▶ **Exercise brief**: Two lines mark the range in the entries below: the one holding "(\<Sum>q\<in>?Q. card (?P" and the one holding "n a \<longrightarrow>". Set down those two and all lines between them, exactly.

(Stored data)
lemma cov_W_tilde_eq_0:
  assumes "W \<in> tuples_D n k" "W' \<in> tuples_D n k"
    and "mapped_edges E k W \<inter> mapped_edges E k W' = {}"
  shows "cov_pmf (rr_pmf \<epsilon> n a) (W_tilde \<epsilon> E k W) (W_tilde \<epsilon> E k W') = 0"
  unfolding rr_pmf_def
  by (rule cov_pmf_Pi_pmf_disjoint_eq_0[OF finite_ord_pairs _ mapped_edges_subset_ord_pairs
        mapped_edges_subset_ord_pairs assms(3) W_tilde_depends_only_on_mapped_edges
        W_tilde_depends_only_on_mapped_edges])
     (simp_all add: assms)

definition shares_two_entries :: "nat \<Rightarrow> nat list \<Rightarrow> nat list \<Rightarrow> bool" where
  "shares_two_entries k W W' \<longleftrightarrow>
     (\<exists>i j i' j'. i < k \<and> j < k \<and> i' < k \<and> j' < k \<and> i' \<noteq> j' \<and> W' ! i' = W ! i \<and> W' ! j' = W ! j)"

lemma cov_W_tilde_pos_imp_shares_two_entries:
  assumes "W \<in> tuples_D n k" "W' \<in> tuples_D n k"
    and "cov_pmf (rr_pmf \<epsilon> n a) (W_tilde \<epsilon> E k W) (W_tilde \<epsilon> E k W') > 0"
  shows "shares_two_entries k W W'"
proof -
  have "mapped_edges E k W \<inter> mapped_edges E k W' \<noteq> {}"
    using cov_W_tilde_eq_0[OF assms(1,2)] assms(3) by force
  then obtain i j i' j' where "i < j" "j < k" "i' < j'" "j' < k" "(W ! i, W ! j) = (W' ! i', W' ! j')"
    unfolding mapped_edges_def graphlet_edges_def by auto
  then show ?thesis
    unfolding shares_two_entries_def by (intro exI[of _ i] exI[of _ j] exI[of _ i'] exI[of _ j']) auto
qed

lemma card_lists_with_fixed_entries_le:
  assumes "P \<subseteq> {..<k}"
  shows "card {xs. set xs \<subseteq> {..<n} \<and> length xs = k \<and> (\<forall>p\<in>P. xs ! p = c p)} \<le> n ^ (k - card P)"
proof -
  let ?free = "{..<k} - P"
  let ?L = "{xs. set xs \<subseteq> {..<n} \<and> length xs = k \<and> (\<forall>p\<in>P. xs ! p = c p)}"
  have "inj_on (\<lambda>xs. restrict (nth xs) ?free) ?L"
  proof (rule inj_onI)
    fix xs ys assume "xs \<in> ?L" "ys \<in> ?L" "restrict (nth xs) ?free = restrict (nth ys) ?free"
    then show "xs = ys"
      by (intro nth_equalityI) (auto simp: fun_eq_iff restrict_def split: if_splits)
  qed
  moreover have "(\<lambda>xs. restrict (nth xs) ?free) ` ?L \<subseteq> PiE ?free (\<lambda>_. {..<n})"
  proof (rule image_subsetI)
    fix xs assume "xs \<in> ?L"
    then have "xs ! p < n" if "p < k" for p
      using that nth_mem by blast
    then show "restrict (nth xs) ?free \<in> PiE ?free (\<lambda>_. {..<n})"
      by (simp add: restrict_PiE_iff)
  qed
  ultimately have "card ?L \<le> card (PiE ?free (\<lambda>_. {..<n}))"
    by (intro card_inj_on_le finite_PiE) auto
  also have "\<dots> = n ^ (k - card P)"
    using assms by (simp add: card_PiE card_Diff_subset finite_subset)
  finally show ?thesis .
qed

lemma card_list_pairs_matching_at_le:
  assumes "i < k" "j < k" "i' < k" "j' < k" "i' \<noteq> j'"
  shows "card {(W, W'). set W \<subseteq> {..<n} \<and> length W = k \<and> set W' \<subseteq> {..<n} \<and> length W' = k
      \<and> W' ! i' = W ! i \<and> W' ! j' = W ! j} \<le> n ^ (2 * k - 2)"
proof -
  let ?L = "{W. set W \<subseteq> {..<n} \<and> length W = k}"
  let ?M = "\<lambda>W. {W'. set W' \<subseteq> {..<n} \<and> length W' = k \<and>
     (\<forall>p\<in>{i', j'}. W' ! p = (if p = i' then W ! i else W ! j))}"
  have "card {(W, W'). set W \<subseteq> {..<n} \<and> length W = k \<and> set W' \<subseteq> {..<n} \<and> length W' = k
      \<and> W' ! i' = W ! i \<and> W' ! j' = W ! j} = card (Sigma ?L ?M)"
    using assms(5) by (intro arg_cong[where f = card]) auto
  also have "\<dots> = (\<Sum>W\<in>?L. card (?M W))"
    by (intro card_SigmaI) (auto intro: finite_subset[OF _ finite_lists_length_eq])
  also have "\<dots> \<le> (\<Sum>W\<in>?L. n ^ (k - 2))"
  proof (rule sum_mono)
    fix W
    have "card (?M W) \<le> n ^ (k - card {i', j'})"
      using assms by (intro card_lists_with_fixed_entries_le) auto
    then show "card (?M W) \<le> n ^ (k - 2)"
      using assms(5) by (simp add: numeral_2_eq_2)
  qed
  also have "\<dots> = n ^ k * n ^ (k - 2)"
    by (simp add: card_lists_length_eq)
  also have "\<dots> = n ^ (2 * k - 2)"
    using assms by (simp flip: power_add) (intro arg_cong[where f = "power n"], linarith)
  finally show ?thesis .
qed

lemma card_list_pairs_sharing_two_entries_le:
  "card {(W, W'). set W \<subseteq> {..<n} \<and> length W = k \<and> set W' \<subseteq> {..<n} \<and> length W' = k \<and>
      shares_two_entries k W W'}
    \<le> k ^ 4 * n ^ (2 * k - 2)" (is "card ?T \<le> _")
proof -
  let ?Q = "{(i, j, i', j'). i < k \<and> j < k \<and> i' < k \<and> j' < k \<and> i' \<noteq> j'}"
  let ?P = "\<lambda>(i, j, i', j'). {(W, W'). set W \<subseteq> {..<n} \<and> length W = k \<and>
      set W' \<subseteq> {..<n} \<and> length W' = k \<and> W' ! i' = W ! i \<and> W' ! j' = W ! j}"
  have Q: "?Q \<subseteq> {..<k} \<times> {..<k} \<times> {..<k} \<times> {..<k}"
    by auto
  have "card ?T = card (\<Union>q\<in>?Q. ?P q)"
    unfolding shares_two_entries_def by (rule arg_cong[where f = card]) fast
  also have "\<dots> \<le> (\<Sum>q\<in>?Q. card (?P q))"
    by (rule card_UN_le, rule finite_subset[OF Q]) simp
  also have "\<dots> \<le> (\<Sum>q\<in>?Q. n ^ (2 * k - 2))"
  proof (rule sum_mono)
    fix q assume "q \<in> ?Q"
    then obtain i j i' j' where "q = (i, j, i', j')" "i < k" "j < k" "i' < k" "j' < k" "i' \<noteq> j'"
      by blast
    then show "card (?P q) \<le> n ^ (2 * k - 2)"
      using card_list_pairs_matching_at_le[of i k j i' j' n] by simp
  qed
  also have "\<dots> = card ?Q * n ^ (2 * k - 2)"
    by simp
  also have "\<dots> \<le> k ^ 4 * n ^ (2 * k - 2)"
  proof (rule mult_right_mono)
    have "card ?Q \<le> card ({..<k} \<times> {..<k} \<times> {..<k} \<times> {..<k})"
      by (rule card_mono[OF _ Q]) simp
    then show "card ?Q \<le> k ^ 4"
      by (simp add: card_cartesian_product power4_eq_xxxx)
  qed simp
  finally show ?thesis .
qed

theorem lemma3:
  fixes k :: nat
  assumes "k \<ge> 2"
  shows "\<exists>C::real. \<forall>\<epsilon>::real. \<forall>E n a. \<epsilon> > 0 \<longrightarrow> simple_graph_on k E \<longrightarrow> simple_graph_on n a \<longrightarrow>
     real (card {(W, W'). W \<in> tuples_D n k \<and> W' \<in> tuples_D n k \<and>
        cov_pmf (rr_pmf \<epsilon> n a) (W_tilde \<epsilon> E k W) (W_tilde \<epsilon> E k W') > 0})
     \<le> C * real n ^ (2 * k - 2)"
proof (intro exI[of _ "real k ^ 4"] allI impI)
  fix \<epsilon> :: real and E n a
  let ?S = "{(W, W'). W \<in> tuples_D n k \<and> W' \<in> tuples_D n k \<and>
        cov_pmf (rr_pmf \<epsilon> n a) (W_tilde \<epsilon> E k W) (W_tilde \<epsilon> E k W') > 0}"
  let ?L = "{xs. set xs \<subseteq> {..<n} \<and> length xs = k}"
  let ?T = "{(W, W'). set W \<subseteq> {..<n} \<and> length W = k \<and> set W' \<subseteq> {..<n} \<and> length W' = k \<and>
      shares_two_entries k W W'}"
  have "?S \<subseteq> ?T"
    by (auto intro: cov_W_tilde_pos_imp_shares_two_entries simp: tuples_D_def)
  moreover have "finite ?T"
    by (rule finite_subset[of _ "?L \<times> ?L"]) (blast, simp add: finite_lists_length_eq)
  ultimately have "card ?S \<le> card ?T"
    by (rule card_mono[rotated])
  also have "\<dots> \<le> k ^ 4 * n ^ (2 * k - 2)"
    by (rule card_list_pairs_sharing_two_entries_le)
  finally have "real (card ?S) \<le> real (k ^ 4 * n ^ (2 * k - 2))"
    by (rule of_nat_mono)
  then show "real (card ?S) \<le> real k ^ 4 * real n ^ (2 * k - 2)"
    by simp
qed

end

▶ **Answer box**:
  also have "\<dots> \<le> (\<Sum>q\<in>?Q. card (?P q))"
    by (rule card_UN_le, rule finite_subset[OF Q]) simp
  also have "\<dots> \<le> (\<Sum>q\<in>?Q. n ^ (2 * k - 2))"
  proof (rule sum_mono)
    fix q assume "q \<in> ?Q"
    then obtain i j i' j' where "q = (i, j, i', j')" "i < k" "j < k" "i' < k" "j' < k" "i' \<noteq> j'"
      by blast
    then show "card (?P q) \<le> n ^ (2 * k - 2)"
      using card_list_pairs_matching_at_le[of i k j i' j' n] by simp
  qed
  also have "\<dots> = card ?Q * n ^ (2 * k - 2)"
    by simp
  also have "\<dots> \<le> k ^ 4 * n ^ (2 * k - 2)"
  proof (rule mult_right_mono)
    have "card ?Q \<le> card ({..<k} \<times> {..<k} \<times> {..<k} \<times> {..<k})"
      by (rule card_mono[OF _ Q]) simp
    then show "card ?Q \<le> k ^ 4"
      by (simp add: card_cartesian_product power4_eq_xxxx)
  qed simp
  finally show ?thesis .
qed

theorem lemma3:
  fixes k :: nat
  assumes "k \<ge> 2"
  shows "\<exists>C::real. \<forall>\<epsilon>::real. \<forall>E n a. \<epsilon> > 0 \<longrightarrow> simple_graph_on k E \<longrightarrow> simple_graph_on n a \<longrightarrow>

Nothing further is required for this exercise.